I also have a Mark II Ruger .300 Win. Mag. topped with a Nikon Buckmaster 4.5-16x40. What would you consider this? I have shot a lot of different game with this rifle&#8230;.aaaahhhhhh&#8230;&#8230;weapon. I also consider this a weapon&#8230;..aaaahhhhh&#8230;..rifle.

I could go on and on and post all of my 15 weapons but I do believe that would be rather redundant. I am assuming most get my point. Just in case some are still a little "fuzzy" with what my point is I will explain. My point is that the difference is purely semantics. If in fact it is not, then I feel sorry for you. The day I try to appease the masses of ignorant people by calling my weapons something other than that just to make it look good, is the day I give them all up. Which will we a cold day in hell! I refuse to be politically correct with the type of people that THINK the verbiages of the way we speak should/need to influence those that don't agree with us! All I can say is grow a pair!!

You all have the right to call them whatever the hell you want, just as I do. Thus, they will always be weapons in my eyes. Nothing more, nothing less. You call a spade a spade right? You don't call a spade a heart because the diamonds don't like the word spade right? If in fact you do, I want nothing to do with your kind. And I truly mean that!

BTW, just for the record I am definitely NOT a liberal. Just because I don't agree with some of the Neo-conservative views, does not make me a liberal. I just wanted to clear that up in case anybody had any derogatory thoughts about my personal political views. Yes, I consider "the liberal view" extremely derogatory. Surprise, Surprise&#8230;.. :wink: :lol:

Lee E. McDonald
Cpl. USMC 0311
'92-'96 Last duty: 3rd Bat. 5th Mar. H&S Co.
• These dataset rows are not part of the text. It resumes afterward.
fun aci_v :: "nat \<Rightarrow> (nat \<Rightarrow> nat \<Rightarrow> real) \<Rightarrow> (nat \<Rightarrow> real) \<Rightarrow> nat \<Rightarrow> nat \<Rightarrow> real"
and aci_w :: "nat \<Rightarrow> (nat \<Rightarrow> nat \<Rightarrow> real) \<Rightarrow> (nat \<Rightarrow> real) \<Rightarrow> nat \<Rightarrow> nat \<Rightarrow> real" where
  "aci_v n M v0 0 = v0"
| "aci_w n M v0 k =
     (let v = aci_v n M v0 k;
          \<alpha> = inner_n n v (matvec n M v)
      in normalize_n n (\<lambda>i. matvec n M v i - \<alpha> * v i))"
| "aci_v n M v0 (Suc k) =
     (let w = aci_w n M v0 k;
          \<beta> = inner_n n w (matvec n M w)
      in normalize_n n (\<lambda>i. matvec n (transp M) w i - \<beta> * w i))"

definition blknorm :: "nat \<Rightarrow> (nat \<Rightarrow> real) \<Rightarrow> nat \<Rightarrow> real" where
  "blknorm m v j = (if j \<le> m then sqrt ((v (2*j-2))\<^sup>2 + (v (2*j-1))\<^sup>2)
                    else \<bar>v (2*m)\<bar>)"

end

theory Submission
  imports Defs
begin

text \<open>Both half steps of ACI(1) act blockwise, multiplying the energy of each block by the
  squared distance between its eigenvalues and the current shift. On the first block, one step
  therefore maps v_k^(1) to (a I + b J) v_k^(1) / K, a scaled rotation. Since c_1 is the smallest
  cosine, both shifts alpha_k, beta_k exceed c_1 by at most (1 - c_1) x, where x is the energy of
  v_k outside the first block; this gives b^2 \<le> x a^2, and an elementary inequality then yields
  \<parallel>v_(k+1)^(1) - v_k^(1)\<parallel>^2 \<le> x. By hypothesis, x decays like \<rho>^(2(k - k0)).\<close>

lemma quadratic_nonpos_between:
  fixes A B C K K1 K2 :: real
  assumes "0 \<le> A" "K1 \<le> K" "K \<le> K2"
    and "A * K1\<^sup>2 + B * K1 + C \<le> 0" "A * K2\<^sup>2 + B * K2 + C \<le> 0"
  shows "A * K\<^sup>2 + B * K + C \<le> 0"
proof (cases "K1 = K2")
  case True
  with assms show ?thesis by simp
next
  case False
  define g where "g x = A * x\<^sup>2 + B * x + C" for x
  have interp: "(K2 - K1) * g K = (K2 - K) * g K1 + (K - K1) * g K2 + A * (K - K1) * (K - K2) * (K2 - K1)"
    unfolding g_def by (simp add: algebra_simps power2_eq_square)
  have "(K2 - K) * g K1 \<le> 0" "(K - K1) * g K2 \<le> 0"
    using assms by (auto simp: g_def mult_nonneg_nonpos)
  moreover have "A * (K - K1) * (K - K2) * (K2 - K1) \<le> 0"
    using assms by (simp add: mult_nonneg_nonpos mult_nonpos_nonneg)
  ultimately have "(K2 - K1) * g K \<le> 0" unfolding interp by linarith
  moreover have "0 < K2 - K1" using False assms by linarith
  ultimately show ?thesis unfolding g_def by (simp add: mult_le_0_iff)
qed

lemma rotation_defect_core:
  fixes p a b K :: real
  assumes p: "0 < p" "p \<le> 1" and a: "0 < a" and K: "0 \<le> K"
    and K_lo: "p * (a\<^sup>2 + b\<^sup>2) \<le> K\<^sup>2" and K_hi: "K\<^sup>2 \<le> a\<^sup>2 + b\<^sup>2"
    and b: "b\<^sup>2 \<le> (1 - p) * a\<^sup>2"
  shows "p * (a\<^sup>2 + b\<^sup>2) + (2 * p - 1) * K\<^sup>2 \<le> 2 * p * a * K"
proof -
  define Q where "Q = a\<^sup>2 + b\<^sup>2"
  have "p * b\<^sup>2 \<le> b\<^sup>2" using p by (simp add: mult_left_le_one_le)
  hence pQ_le: "p * Q \<le> a\<^sup>2" using b unfolding Q_def by (simp add: algebra_simps)
  have Q_le: "Q \<le> (2 - p) * a\<^sup>2" using b unfolding Q_def by (simp add: algebra_simps)
  have Q_pos: "0 < Q" using a unfolding Q_def by (simp add: add_pos_nonneg)
  have sqrt_pQ_le: "sqrt (p * Q) \<le> a" "sqrt (p * Q) \<le> K"
    using pQ_le K_lo a K p Q_pos unfolding Q_def by (auto intro: real_le_lsqrt)
  show ?thesis
  proof (cases "p \<le> 1/2")
    case True
    have "p * Q = sqrt (p * Q) * sqrt (p * Q)" using p Q_pos by simp
    also have "\<dots> \<le> a * K" using sqrt_pQ_le p a Q_pos by (intro mult_mono) auto
    finally have "p * Q \<le> a * K" .
    moreover have "(2 * p - 1) * K\<^sup>2 \<le> (2 * p - 1) * (p * Q)"
      using True K_lo unfolding Q_def by (intro mult_left_mono_neg) auto
    moreover have "2 * p * (p * Q) \<le> 2 * p * (a * K)"
      using calculation(1) p by (intro mult_left_mono) auto
    ultimately have "p * Q + (2 * p - 1) * K\<^sup>2 \<le> 2 * p * (a * K)"
      by (simp add: algebra_simps)
    then show ?thesis unfolding Q_def by (simp add: mult.assoc)
  next
    case False
    text \<open>Now the difference of the two sides is a convex quadratic in K, so it suffices to
      check the extreme values K = sqrt (p Q) and K = sqrt Q.\<close>
    have A: "0 \<le> 2 * p - 1" using False by simp
    have at_lo: "(2 * p - 1) * (sqrt (p * Q))\<^sup>2 + (- 2 * p * a) * sqrt (p * Q) + p * Q \<le> 0"
    proof -
      have "(2 * p - 1) * (sqrt (p * Q))\<^sup>2 + (- 2 * p * a) * sqrt (p * Q) + p * Q
          = 2 * p * sqrt (p * Q) * (sqrt (p * Q) - a)"
        using p Q_pos by (simp add: algebra_simps power2_eq_square)
      also have "\<dots> \<le> 0" by (intro mult_nonneg_nonpos) (use sqrt_pQ_le p Q_pos in auto)
      finally show ?thesis .
    qed
    have "(3 * p - 1) * sqrt Q \<le> 2 * p * a"
    proof (rule power2_le_imp_le)
      have "4 * p\<^sup>2 - (3 * p - 1)\<^sup>2 * (2 - p) = (1 - p)\<^sup>2 * (9 * p - 2)"
        by (simp add: algebra_simps power2_eq_square)
      also have "\<dots> \<ge> 0" using False by simp
      finally have "(3 * p - 1)\<^sup>2 * (2 - p) \<le> (2 * p)\<^sup>2" by (simp add: power_mult_distrib)
      hence "(3 * p - 1)\<^sup>2 * (2 - p) * a\<^sup>2 \<le> (2 * p)\<^sup>2 * a\<^sup>2" by (rule mult_right_mono) simp
      hence "(3 * p - 1)\<^sup>2 * ((2 - p) * a\<^sup>2) \<le> (2 * p * a)\<^sup>2"
        by (simp only: power_mult_distrib mult.assoc)
      moreover have "(3 * p - 1)\<^sup>2 * Q \<le> (3 * p - 1)\<^sup>2 * ((2 - p) * a\<^sup>2)"
        using Q_le by (simp add: mult_left_mono)
      ultimately show "((3 * p - 1) * sqrt Q)\<^sup>2 \<le> (2 * p * a)\<^sup>2"
        using Q_pos by (simp add: power_mult_distrib)
    qed (use p a in auto)
    hence "sqrt Q * ((3 * p - 1) * sqrt Q - 2 * p * a) \<le> 0"
      using Q_pos by (intro mult_nonneg_nonpos) auto
    moreover have "(2 * p - 1) * (sqrt Q)\<^sup>2 + (- 2 * p * a) * sqrt Q + p * Q
        = sqrt Q * ((3 * p - 1) * sqrt Q - 2 * p * a)"
      using Q_pos by (simp add: algebra_simps)
    ultimately have at_hi: "(2 * p - 1) * (sqrt Q)\<^sup>2 + (- 2 * p * a) * sqrt Q + p * Q \<le> 0"
      by simp
    have "K \<le> sqrt Q" using K_hi unfolding Q_def by (rule real_le_rsqrt)
    with quadratic_nonpos_between[OF A sqrt_pQ_le(2) this at_lo at_hi]
    show ?thesis unfolding Q_def by (simp add: algebra_simps)
  qed
qed

text \<open>If w = (a I + b J) v / K with J the rotation by a right angle and \<parallel>v\<parallel>^2 = p, then
  \<parallel>w - v\<parallel>^2 = p ((a/K - 1)^2 + (b/K)^2).\<close>

lemma scaled_rotation_defect_le:
  fixes p a b K T :: real
  assumes p: "0 < p" "p \<le> 1" and a: "0 < a" and K: "0 < K"
    and K_sq: "K\<^sup>2 = p * (a\<^sup>2 + b\<^sup>2) + T" and T: "0 \<le> T" "T \<le> (a\<^sup>2 + b\<^sup>2) * (1 - p)"
    and b: "b\<^sup>2 \<le> (1 - p) * a\<^sup>2"
  shows "p * ((a / K - 1)\<^sup>2 + (b / K)\<^sup>2) \<le> 1 - p"
proof -
  have "p * (a\<^sup>2 + b\<^sup>2) + (2 * p - 1) * K\<^sup>2 \<le> 2 * p * a * K"
    by (rule rotation_defect_core[OF p a less_imp_le[OF K]]) (use K_sq T b in \<open>auto simp: algebra_simps\<close>)
  hence "p * (a\<^sup>2 + b\<^sup>2 - 2 * a * K + K\<^sup>2) \<le> (1 - p) * K\<^sup>2"
    by (simp add: algebra_simps)
  moreover have "p * ((a / K - 1)\<^sup>2 + (b / K)\<^sup>2) = p * (a\<^sup>2 + b\<^sup>2 - 2 * a * K + K\<^sup>2) / K\<^sup>2"
    using K by (simp add: field_simps power2_eq_square)
  ultimately show ?thesis using K by (simp add: divide_le_eq)
qed

lemma rotation_coeff_bounds:
  fixes C S \<alpha> \<beta> x :: real
  assumes CS: "C\<^sup>2 + S\<^sup>2 = 1" and C: "0 < C" and x: "0 \<le> x" "x \<le> 1"
    and \<alpha>: "C \<le> \<alpha>" "\<alpha> - C \<le> (1 - C) * x"
    and \<beta>: "C \<le> \<beta>" "\<beta> - C \<le> (1 - C) * x"
  shows "S\<^sup>2 \<le> (C - \<alpha>) * (C - \<beta>) + S\<^sup>2"
    and "(S * (\<alpha> - \<beta>))\<^sup>2 \<le> x * ((C - \<alpha>) * (C - \<beta>) + S\<^sup>2)\<^sup>2"
proof -
  define a where "a = (C - \<alpha>) * (C - \<beta>) + S\<^sup>2"
  have "0 \<le> (\<alpha> - C) * (\<beta> - C)" using \<alpha> \<beta> by simp
  then show a_ge: "S\<^sup>2 \<le> (C - \<alpha>) * (C - \<beta>) + S\<^sup>2" by (simp add: algebra_simps)
  have "C\<^sup>2 \<le> 1" using CS zero_le_power2[of S] by linarith
  hence C_le: "C \<le> 1" by (simp add: abs_square_le_1)
  have "\<bar>\<alpha> - \<beta>\<bar> \<le> (1 - C) * x" using \<alpha> \<beta> by linarith
  hence "(\<alpha> - \<beta>)\<^sup>2 \<le> ((1 - C) * x)\<^sup>2" by (simp add: abs_le_square_iff[symmetric])
  also have "\<dots> = (1 - C)\<^sup>2 * (x * x)" by (simp add: power2_eq_square)
  also have "\<dots> \<le> (1 - C)\<^sup>2 * x"
    by (rule mult_left_mono) (use x mult_right_le_one_le[of x x] in auto)
  also have "\<dots> \<le> ((1 - C) * (1 + C)) * x"
  proof (rule mult_right_mono)
    show "(1 - C)\<^sup>2 \<le> (1 - C) * (1 + C)"
      unfolding power2_eq_square using C C_le by (intro mult_left_mono) auto
  qed (use x in auto)
  also have "(1 - C) * (1 + C) = S\<^sup>2" using CS by (simp add: algebra_simps power2_eq_square)
  finally have diff_sq: "(\<alpha> - \<beta>)\<^sup>2 \<le> S\<^sup>2 * x" .
  have "(S * (\<alpha> - \<beta>))\<^sup>2 = S\<^sup>2 * (\<alpha> - \<beta>)\<^sup>2" by (simp add: power_mult_distrib)
  also have "\<dots> \<le> S\<^sup>2 * (S\<^sup>2 * x)" by (rule mult_left_mono[OF diff_sq]) simp
  also have "\<dots> = x * (S\<^sup>2 * S\<^sup>2)" by simp
  also have "\<dots> \<le> x * (a * a)"
    using a_ge x unfolding a_def by (intro mult_left_mono mult_mono) auto
  finally show "(S * (\<alpha> - \<beta>))\<^sup>2 \<le> x * ((C - \<alpha>) * (C - \<beta>) + S\<^sup>2)\<^sup>2"
    unfolding a_def by (simp add: power2_eq_square)
qed

text \<open>Block indices are 0-based: index k < m is the paper's block k+1, and index m is the
  trailing block [1], present iff t.\<close>

definition blocksum :: "nat \<Rightarrow> bool \<Rightarrow> (nat \<Rightarrow> real) \<Rightarrow> real" where
  "blocksum m t F = (\<Sum>k<m. F k) + (if t then F m else 0)"

definition blocksum_tail :: "nat \<Rightarrow> bool \<Rightarrow> (nat \<Rightarrow> real) \<Rightarrow> real" where
  "blocksum_tail m t F = (\<Sum>k\<in>{1..<m}. F k) + (if t then F m else 0)"

lemma blocksum_split: "1 \<le> m \<Longrightarrow> blocksum m t F = F 0 + blocksum_tail m t F"
  unfolding blocksum_def blocksum_tail_def
  by (simp add: lessThan_atLeast0 sum.atLeast_Suc_lessThan)

lemma sum_lessThan_double:
  fixes g :: "nat \<Rightarrow> real"
  shows "(\<Sum>i<2 * m. g i) = (\<Sum>k<m. g (2 * k) + g (2 * k + 1))"
  by (induction m) (auto simp: sum.lessThan_Suc)

lemma sum_dimn_blocksum:
  "(\<Sum>i<dimn m t. g i) = blocksum m t (\<lambda>k. if k < m then g (2 * k) + g (2 * k + 1) else g (2 * m))"
  unfolding blocksum_def dimn_def by (auto simp: sum_lessThan_double)

lemma blocksum_cong:
  "(\<And>k. k < m \<or> (t \<and> k = m) \<Longrightarrow> F k = G k) \<Longrightarrow> blocksum m t F = blocksum m t G"
  unfolding blocksum_def by (auto intro!: sum.cong)

lemma blocksum_tail_cong:
  "1 \<le> m \<Longrightarrow> (\<And>k. 1 \<le> k \<Longrightarrow> k < m \<or> (t \<and> k = m) \<Longrightarrow> F k = G k) \<Longrightarrow>
    blocksum_tail m t F = blocksum_tail m t G"
  unfolding blocksum_tail_def by (auto intro!: sum.cong)

lemma blocksum_tail_mono:
  "1 \<le> m \<Longrightarrow> (\<And>k. 1 \<le> k \<Longrightarrow> k < m \<or> (t \<and> k = m) \<Longrightarrow> F k \<le> G k) \<Longrightarrow>
    blocksum_tail m t F \<le> blocksum_tail m t G"
  unfolding blocksum_tail_def by (auto intro!: add_mono sum_mono)

lemma blocksum_tail_nonneg:
  "1 \<le> m \<Longrightarrow> (\<And>k. 1 \<le> k \<Longrightarrow> k < m \<or> (t \<and> k = m) \<Longrightarrow> 0 \<le> F k) \<Longrightarrow>
    0 \<le> blocksum_tail m t F"
  using blocksum_tail_mono[where F="\<lambda>_. 0" and G=F] by (simp add: blocksum_tail_def)

lemma blocksum_mult: "blocksum m t (\<lambda>k. a * F k) = a * blocksum m t F"
  unfolding blocksum_def by (simp add: sum_distrib_left distrib_left)

lemma blocksum_tail_mult: "blocksum_tail m t (\<lambda>k. a * F k) = a * blocksum_tail m t F"
  unfolding blocksum_tail_def by (simp add: sum_distrib_left distrib_left)

lemma blocksum_divide: "blocksum m t (\<lambda>k. F k / a) = blocksum m t F / a"
  unfolding blocksum_def by (simp add: sum_divide_distrib add_divide_distrib)

lemma blocksum_tail_divide: "blocksum_tail m t (\<lambda>k. F k / a) = blocksum_tail m t F / a"
  unfolding blocksum_tail_def by (simp add: sum_divide_distrib add_divide_distrib)

lemma blocksum_diff: "blocksum m t (\<lambda>k. F k - G k) = blocksum m t F - blocksum m t G"
  unfolding blocksum_def by (simp add: sum_subtractf)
STA plt.


----------



## Csquared (Sep 5, 2006)

Jiffy, I think we all got your point the first time, but thanks non the less for clearing it up.

Thank you, too, for choosing to serve this great country. We all take guys like you too much for granted.

I would argue you are in fact the one being politically correct, however. I think we would all agree it is far easier to convince the "masses" we need more control on those terrible "weapons" than it would to convince people they aren't safe as long as their neighbor has a rabbit gun in his closet.

Liberal or not.....Hillary is pleased with your choice of words!


----------



## gonehuntin' (Jul 27, 2006)

I'm having a hard time with this. I'm an old codger and never have I heard a single person say " I'm going to grab my weapon and go hunting". Or, I'm going to the gun store and look at "weapon's". You guys are just plain strange.


----------



## Csquared (Sep 5, 2006)

Thanks for weighing in, huntin'.

It's guys like you that have to keep reminding the new guys how it SHOULD be!

Please stay tuned.


----------



## MRN (Apr 1, 2002)

I think the term "weapon" has more to with the intent (real or perceived?) of the person weilding the tool. Liberals like the term weapon because it implies that the dude with the gun has some violent intent. As folks noted, almost anything can be a weapon with the intent of the person behind it makes it so.

Therefore, the piece of art I carry around in the field is probably a weapon from the pheasant, duck, or deer's perspective. I prefer to use more dis-passionate, non-threatening terms.

M.


----------



## M*F (Nov 3, 2006)

I prefer the term "Long range dispatch tool". Or my bow the "Short range dispatch tool". :wink:

I prefer to call them as they are also, rifle, shotgun, boomerang.....


----------



## Remington 7400 (Dec 14, 2005)

> Now, if you hunt with an AR-15 then by all means refer your mighty Mattel as a weapon. I left my weapons in the armory at Twentynine Palms when I retired. I keep my sporting arms in my gun safe.
> 
> Mark Ouellette
> Captain USMC, retired
> and yes, I do have a military background.


I take it that you are not an AR fan. :-?


----------



## Alaskan Brown Bear Killer (Feb 22, 2005)

That's what they are WEAPONS:
http://en.wikipedia.org/wiki/Weapon

*A weapon is *any tool or object that is used to increase the destructive range or power of a human, that's the bottom line.


----------



## MSG Rude (Oct 6, 2003)

ABBK...good to see you are still around!

Listen folks, what you all are arguing about would make a nice cut and paste on the Anti's pages, wouldn't it? Stop now kids, this is silly...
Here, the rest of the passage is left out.